There was no way I could have seen it coming, yet the fact that I couldn't protect her from it drove me crazy. How could something like this just happen? Why couldn't I do anything about it? I felt helpless many times, as an adult even, but feeling helpless as a husband was different from anything I'd ever felt in my life. This was just a temporary snag, but it made me realize how many more of these there were going to be. I was going to have to get used to feeling helpless if I was going to remain a husband. And being a husband made me helpless, because I had somebody to protect.
I suddenly realized how much being a husband was about fear: fear of not being able to keep somebody safe, of not being able to protect somebody from all of the bad stuff you want to protect them from. Knowing they have more tears in them than you will be able to keep them from crying. I realized that she had seen me fail, and that she was the person I was going to be failing in front of for the rest of my life. It was just a little failure, but it promised bigger failures to come. Additional ones, anyway. But that's who your wife is, the person you fail in front of. Love is so confusing; there's no peace of mind.

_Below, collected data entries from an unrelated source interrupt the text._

(* Let $1\le d<n$, $r=d(n-d)$, and let $\mathfrak C:\underline i_r>\underline i_{r-1}>\cdots>\underline i_0$ be a maximal chain in $I(d,n)$. Then there exists $0\le k<r$ such that $\underline i_h$ does not contain $n$ for all $h\le k$ and $\underline i_h$ contains $n$ for all $h>k$. Moreover, if $\underline i_k=i_{1,k}i_{2,k}\cdots i_{d,k}$, then $i_{d,k}=n-1$ and $\underline i_{k+1}=i_{1,k}\cdots i_{d-1,k}\,n$.
   Context: $I(d,n)$ is the set of $d$-element subsets of $\{1,\dots,n\}$, written as increasing sequences $i_1i_2\cdots i_d$, partially ordered by $\underline i\le \underline j$ iff $i_k\le j_k$ for all $k$. A maximal chain is a totally ordered subset maximal with respect to inclusion; it has the form $\underline i_r>\cdots>\underline i_0$ with $\underline i_0=12\cdots d$, $\underline i_r=(n-d+1)\cdots n$, each relation a cover. *)

theory Defs
  imports Main
begin

text \<open>I(d,n): d-element subsets of {1..n}, viewed as increasing sequences.\<close>
definition Idn :: "nat \<Rightarrow> nat \<Rightarrow> nat set set" where
  "Idn d n = {A. A \<subseteq> {1..n} \<and> card A = d}"

definition idx_le :: "nat set \<Rightarrow> nat set \<Rightarrow> bool" where
  "idx_le A B = list_all2 (\<le>) (sorted_list_of_set A) (sorted_list_of_set B)"

definition idx_lt :: "nat set \<Rightarrow> nat set \<Rightarrow> bool" where
  "idx_lt A B = (idx_le A B \<and> A \<noteq> B)"

definition is_chain_in :: "nat \<Rightarrow> nat \<Rightarrow> nat set set \<Rightarrow> bool" where
  "is_chain_in d n C = (C \<subseteq> Idn d n \<and> (\<forall>A\<in>C. \<forall>B\<in>C. idx_le A B \<or> idx_le B A))"

definition is_maximal_chain :: "nat \<Rightarrow> nat \<Rightarrow> nat set set \<Rightarrow> bool" where
  "is_maximal_chain d n C = (is_chain_in d n C \<and>
     (\<forall>C'. is_chain_in d n C' \<and> C \<subseteq> C' \<longrightarrow> C' = C))"

end

theory Submission
  imports Defs
begin

text \<open>The weight \<Sum>A of a d-subset strictly increases along idx_lt, because the
sorted lists dominate each other componentwise and differ. On I(d,n) the weight ranges
from d(d+1)/2 to d(2n-d+1)/2, an interval of length exactly r = d(n-d). So a chain
of r strict steps starts at the minimal weight (whose sets avoid n), ends at the maximal
weight (whose sets contain n), and every step raises the weight by exactly one. The largest
entry never decreases, so once n appears it stays. At the step where it appears the last
entry grows while the weight grows by one, hence the last entry moves from n - 1 to n
and all other entries are unchanged. Of the maximality of the chain only the inclusion in
I(d,n) is used.\<close>

lemma sum_list_sorted_list_of_set:
  "finite A \<Longrightarrow> sum_list (sorted_list_of_set A) = \<Sum>A"
  using sum_list_distinct_conv_sum_set[of "sorted_list_of_set A" id] by simp

lemma last_sorted_list_of_set:
  fixes A :: "'a::linorder set"
  assumes "finite A" "A \<noteq> {}"
  shows "last (sorted_list_of_set A) = Max A"
proof -
  let ?xs = "sorted_list_of_set A"
  have "?xs \<noteq> []" and set_xs: "set ?xs = A" using assms by auto
  then have "?xs = butlast ?xs @ [last ?xs]" by simp
  then have "sorted (butlast ?xs @ [last ?xs])" by (metis sorted_sorted_list_of_set)
  then have "\<forall>x\<in>set ?xs. x \<le> last ?xs"
    by (subst \<open>?xs = _\<close>) (auto simp: sorted_append)
  moreover have "last ?xs \<in> A" using \<open>?xs \<noteq> []\<close> set_xs last_in_set by blast
  ultimately show ?thesis using assms set_xs by (intro Max_eqI[symmetric]) auto
qed

lemma nth_sorted_list_of_set_card_Max:
  fixes A :: "'a::linorder set"
  assumes "finite A" "A \<noteq> {}"
  shows "sorted_list_of_set A ! (card A - 1) = Max A"
  using last_sorted_list_of_set[OF assms] assms by (simp add: last_conv_nth)

lemma list_all2_last: "list_all2 P xs ys \<Longrightarrow> xs \<noteq> [] \<Longrightarrow> P (last xs) (last ys)"
  by (induction rule: list_all2_induct) auto

lemma list_all2_le_sum_list_le:
  fixes xs ys :: "'a::ordered_comm_monoid_add list"
  shows "list_all2 (\<le>) xs ys \<Longrightarrow> sum_list xs \<le> sum_list ys"
  by (induction rule: list_all2_induct) (auto intro: add_mono)

lemma list_all2_le_sum_list_eq_imp_eq:
  fixes xs ys :: "'a::ordered_cancel_comm_monoid_add list"
  shows "list_all2 (\<le>) xs ys \<Longrightarrow> sum_list xs = sum_list ys \<Longrightarrow> xs = ys"
proof (induction rule: list_all2_induct)
  case (Cons x xs y ys)
  have "sum_list xs \<le> sum_list ys" using Cons.hyps(2) by (rule list_all2_le_sum_list_le)
  with Cons have "x = y"
    by (metis add_less_le_mono antisym_conv2 order.irrefl sum_list.Cons)
  with Cons show ?case by simp
qed simp

lemma list_all2_le_sum_list_Suc:
  fixes xs ys :: "nat list"
  assumes le: "list_all2 (\<le>) xs ys" and sum: "sum_list ys = Suc (sum_list xs)"
    and "xs \<noteq> []" and last: "last xs < last ys"
  shows "butlast ys = butlast xs" and "last ys = Suc (last xs)"
proof -
  have "ys \<noteq> []" using le \<open>xs \<noteq> []\<close> by auto
  obtain xs' a ys' b where xs: "xs = xs' @ [a]" and ys: "ys = ys' @ [b]"
    using \<open>xs \<noteq> []\<close> \<open>ys \<noteq> []\<close> by (metis append_butlast_last_id)
  have le': "list_all2 (\<le>) xs' ys'"
    using le list_all2_lengthD[OF le] by (simp add: xs ys list_all2_append)
  have "a < b" using last by (simp add: xs ys)
  moreover have "sum_list ys' + b = Suc (sum_list xs' + a)" using sum by (simp add: xs ys)
  ultimately have "sum_list xs' = sum_list ys'" and "b = Suc a"
    using list_all2_le_sum_list_le[OF le'] by linarith+
  with le' show "butlast ys = butlast xs" and "last ys = Suc (last xs)"
    using list_all2_le_sum_list_eq_imp_eq by (auto simp: xs ys)
qed

lemma idx_lt_sum_less:
  assumes "finite A" "finite B" "idx_lt A B"
  shows "\<Sum>A < \<Sum>B"
proof -
  let ?xs = "sorted_list_of_set A" and ?ys = "sorted_list_of_set B"
  have le: "list_all2 (\<le>) ?xs ?ys" using assms(3) by (simp add: idx_lt_def idx_le_def)
  have "?xs \<noteq> ?ys" using assms by (metis idx_lt_def set_sorted_list_of_set)
  then have "sum_list ?xs \<noteq> sum_list ?ys" using le list_all2_le_sum_list_eq_imp_eq by blast
  then show ?thesis
    using list_all2_le_sum_list_le[OF le] assms(1,2) by (simp add: sum_list_sorted_list_of_set)
qed

lemma idx_le_Max_le:
  fixes A B :: "nat set"
  assumes "finite A" "finite B" "A \<noteq> {}" "idx_le A B"
  shows "Max A \<le> Max B"
proof -
  let ?xs = "sorted_list_of_set A" and ?ys = "sorted_list_of_set B"
  have le: "list_all2 (\<le>) ?xs ?ys" using assms(4) by (simp add: idx_le_def)
  have "?xs \<noteq> []" using assms(1,3) by simp
  then have "?ys \<noteq> []" using le by auto
  then have "B \<noteq> {}" by auto
  have "last ?xs \<le> last ?ys" using list_all2_last[OF le \<open>?xs \<noteq> []\<close>] .
  then show ?thesis using assms \<open>B \<noteq> {}\<close> by (simp add: last_sorted_list_of_set)
qed

lemma idx_le_sum_Suc:
  fixes A B :: "nat set"
  assumes "finite A" "finite B" "A \<noteq> {}" "idx_le A B"
    and "\<Sum>B = Suc (\<Sum>A)" and "Max A < Max B"
  shows "Max B = Suc (Max A)" and "B = set (butlast (sorted_list_of_set A)) \<union> {Suc (Max A)}"
proof -
  let ?xs = "sorted_list_of_set A" and ?ys = "sorted_list_of_set B"
  have le: "list_all2 (\<le>) ?xs ?ys" using assms(4) by (simp add: idx_le_def)
  have "?xs \<noteq> []" using assms(1,3) by simp
  then have "?ys \<noteq> []" using le by auto
  then have "B \<noteq> {}" by auto
  have "butlast ?ys = butlast ?xs" and last: "last ?ys = Suc (last ?xs)"
    using list_all2_le_sum_list_Suc[OF le] assms \<open>?xs \<noteq> []\<close> \<open>B \<noteq> {}\<close>
    by (simp_all add: sum_list_sorted_list_of_set last_sorted_list_of_set)
  then show "Max B = Suc (Max A)" using assms(1-3) \<open>B \<noteq> {}\<close> by (simp add: last_sorted_list_of_set)
  have "?ys = butlast ?xs @ [Suc (Max A)]"
    using \<open>butlast ?ys = _\<close> last \<open>?ys \<noteq> []\<close> assms(1,3)
    by (metis append_butlast_last_id last_sorted_list_of_set)
  then show "B = set (butlast ?xs) \<union> {Suc (Max A)}"
    using assms(2) by (metis set_sorted_list_of_set set_append set_simps Un_commute)
qed

lemma Idn_finite: "A \<in> Idn d n \<Longrightarrow> finite A"
  unfolding Idn_def by (blast intro: finite_subset[OF _ finite_atLeastAtMost])

lemma Idn_sum_lower: "A \<in> Idn d n \<Longrightarrow> d * (d + 1) \<le> 2 * \<Sum>A"
proof (induction d arbitrary: A)
  case (Suc d)
  have fin: "finite A" using Suc.prems by (rule Idn_finite)
  have "A \<subseteq> {1..n}" and card: "card A = Suc d" using Suc.prems by (auto simp: Idn_def)
  then have "A \<noteq> {}" by auto
  define m where "m = Max A"
  have "m \<in> A" using fin \<open>A \<noteq> {}\<close> by (simp add: m_def)
  have "A \<subseteq> {1..m}" using fin \<open>A \<subseteq> {1..n}\<close> by (auto simp: m_def)
  then have "Suc d \<le> m" using card card_mono[of "{1..m}" A] by simp
  have "A - {m} \<in> Idn d n" using Suc.prems \<open>m \<in> A\<close> fin by (auto simp: Idn_def)
  then have "d * (d + 1) \<le> 2 * \<Sum>(A - {m})" by (rule Suc.IH)
  moreover have "\<Sum>A = m + \<Sum>(A - {m})" using fin \<open>m \<in> A\<close> by (rule sum.remove)
  ultimately show ?case using \<open>Suc d \<le> m\<close> by simp
qed simp

lemma Idn_sum_upper: "A \<in> Idn d n \<Longrightarrow> 2 * \<Sum>A + d * d \<le> d * (2 * n + 1)"
proof (induction d arbitrary: A n)
  case (Suc d)
  have fin: "finite A" using Suc.prems by (rule Idn_finite)
  have "A \<subseteq> {1..n}" and card: "card A = Suc d" using Suc.prems by (auto simp: Idn_def)
  then have "A \<noteq> {}" by auto
  define m where "m = Max A"
  have "m \<in> A" using fin \<open>A \<noteq> {}\<close> by (simp add: m_def)
  then obtain m' where m: "m = Suc m'" and "m \<le> n" using \<open>A \<subseteq> {1..n}\<close> by (cases m) auto
  have "A - {m} \<subseteq> {1..m'}"
  proof
    fix y assume "y \<in> A - {m}"
    then have "y \<le> m" "y \<noteq> m" "1 \<le> y" using fin \<open>A \<subseteq> {1..n}\<close> by (auto simp: m_def)
    then show "y \<in> {1..m'}" using m by simp
  qed
  then have "A - {m} \<in> Idn d m'" using card fin \<open>m \<in> A\<close> by (simp add: Idn_def)
  then have "2 * \<Sum>(A - {m}) + d * d \<le> d * (2 * m' + 1)" by (rule Suc.IH)
  moreover have "\<Sum>A = m + \<Sum>(A - {m})" using fin \<open>m \<in> A\<close> by (rule sum.remove)
  moreover have "d * m \<le> d * n" using \<open>m \<le> n\<close> by simp
  ultimately show ?case using \<open>m \<le> n\<close> m by (simp add: algebra_simps)
qed (auto simp: Idn_def card_eq_0_iff dest: finite_subset)

lemma Idn_sum_min_notin:
  assumes "A \<in> Idn d n" and "2 * \<Sum>A = d * (d + 1)" and "d < n"
  shows "n \<notin> A"
proof
  assume "n \<in> A"
  then obtain d' where d: "d = Suc d'"
    using assms(1) Idn_finite[OF assms(1)] by (cases d) (auto simp: Idn_def)
  have "A - {n} \<in> Idn d' n" using assms(1) \<open>n \<in> A\<close> d by (auto simp: Idn_def)
  then have "d' * (d' + 1) \<le> 2 * \<Sum>(A - {n})" by (rule Idn_sum_lower)
  moreover have "\<Sum>A = n + \<Sum>(A - {n})"
    using Idn_finite[OF assms(1)] \<open>n \<in> A\<close> by (rule sum.remove)
  ultimately show False using assms(2,3) d by simp
qed

lemma Idn_sum_max_mem:
  assumes "A \<in> Idn d n" and "2 * \<Sum>A + d * d = d * (2 * n + 1)" and "0 < d"
  shows "n \<in> A"
proof (rule ccontr)
  assume "n \<notin> A"
  obtain n' where n: "n = Suc n'" using assms(1,3) by (cases n) (auto simp: Idn_def)
  have "A \<in> Idn d n'" using assms(1) \<open>n \<notin> A\<close> n by (auto simp: Idn_def le_Suc_eq)
  then have "2 * \<Sum>A + d * d \<le> d * (2 * n' + 1)" by (rule Idn_sum_upper)
  then show False using assms(2,3) n by simp
qed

Regardless of husband or wife, I think the last sentences are true. Your spouse is the person that you're going to fail in front of. And you have to be okay with it. They're the one that you can truly and honestly be yourself with - no walls. And they're the one there to brace you during and pick you back up after that fall.
1 comment:
From a Husband's standpoint, or at least this Husband's standpoint: I understand the writer's feelings on helplessness. There is something awful about seeing someone you love in pain, without being able to take that pain away. But I believe simply being there does help the pain, we are not truly "helpless." And while I agree that you are never more exposed, and never more yourself in front of your spouse: I have never felt feelings of failure or worrying over failing. I don't think as long as you are there trying it would be perceived as a failure. Its good to see you posting!